_Stored data_.

(* Let $\Gamma$ be a weighted digraph with vertex set $\{1,\dots,n\}$, $n>1$, without loops and with strictly positive arc weights, with Laplacian matrix $L$ and in-forest dimension $d$. For every $\lambda\neq0$, $$\operatorname{adj}(\lambda I+L)=\sum_{k=0}^{n-d}s'_{n-d-k}(\lambda)\,(-L/\lambda)^k,\qquad\text{where } s'_i(\lambda)=\sum_{j=0}^{i}\sigma_j\lambda^{n-j-1},\ i=0,\dots,n-d.$$
   Context: $W=(w_{ij})$ is the matrix of arc weights ($w_{ij}>0$ iff there is an arc $i\to j$, else $0$). The Laplacian $L=(\ell_{ij})$: $\ell_{ij}=-w_{ij}$ for $j\ne i$, $\ell_{ii}=\sum_{k\ne i}w_{ik}$. The weight of a subgraph is the product of its arc weights (1 if no arcs); the weight of a set of subgraphs is the sum of their weights. A converging tree is a weakly connected digraph with one vertex (the root) of outdegree 0 and all others of outdegree 1; an in-forest is a spanning subgraph of $\Gamma$ whose weak components are converging trees. The in-forest dimension $d$ is the minimal number of trees in an in-forest. $\sigma_k$ is the total weight of in-forests of $\Gamma$ with $k$ arcs. $\operatorname{adj}A$ is the transposed matrix of cofactors. *)

theory Defs
  imports "Jordan_Normal_Form.Determinant"
begin

text \<open>Weighted digraphs on the vertex set {0..<n} (the paper's {1,...,n}, shifted by one).
  W i j is the weight of the arc i -> j; there is an arc iff W i j > 0.\<close>

definition arcs :: "nat \<Rightarrow> (nat \<Rightarrow> nat \<Rightarrow> real) \<Rightarrow> (nat \<times> nat) set" where
  "arcs n W = {(i,j). i < n \<and> j < n \<and> W i j > 0}"

definition laplacian :: "nat \<Rightarrow> (nat \<Rightarrow> nat \<Rightarrow> real) \<Rightarrow> real mat" where
  "laplacian n W = mat n n (\<lambda>(i,j). if i = j then (\<Sum>k\<in>{0..<n} - {i}. W i k) else - W i j)"

definition sg_weight :: "(nat \<Rightarrow> nat \<Rightarrow> real) \<Rightarrow> (nat \<times> nat) set \<Rightarrow> real" where
  "sg_weight W F = (\<Prod>(i,j)\<in>F. W i j)"

definition weak_rel :: "nat set \<Rightarrow> (nat \<times> nat) set \<Rightarrow> (nat \<times> nat) set" where
  "weak_rel V F = (Id_on V \<union> F \<union> F\<inverse>)\<^sup>*"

_Task requirements_. Stop at the line containing "theory Defs". Please print exactly every line before it from the start of the records, plus that line itself, and nothing else.

_Answer below_.
(* Let $\Gamma$ be a weighted digraph with vertex set $\{1,\dots,n\}$, $n>1$, without loops and with strictly positive arc weights, with Laplacian matrix $L$ and in-forest dimension $d$. For every $\lambda\neq0$, $$\operatorname{adj}(\lambda I+L)=\sum_{k=0}^{n-d}s'_{n-d-k}(\lambda)\,(-L/\lambda)^k,\qquad\text{where } s'_i(\lambda)=\sum_{j=0}^{i}\sigma_j\lambda^{n-j-1},\ i=0,\dots,n-d.$$
   Context: $W=(w_{ij})$ is the matrix of arc weights ($w_{ij}>0$ iff there is an arc $i\to j$, else $0$). The Laplacian $L=(\ell_{ij})$: $\ell_{ij}=-w_{ij}$ for $j\ne i$, $\ell_{ii}=\sum_{k\ne i}w_{ik}$. The weight of a subgraph is the product of its arc weights (1 if no arcs); the weight of a set of subgraphs is the sum of their weights. A converging tree is a weakly connected digraph with one vertex (the root) of outdegree 0 and all others of outdegree 1; an in-forest is a spanning subgraph of $\Gamma$ whose weak components are converging trees. The in-forest dimension $d$ is the minimal number of trees in an in-forest. $\sigma_k$ is the total weight of in-forests of $\Gamma$ with $k$ arcs. $\operatorname{adj}A$ is the transposed matrix of cofactors. *)

theory Defs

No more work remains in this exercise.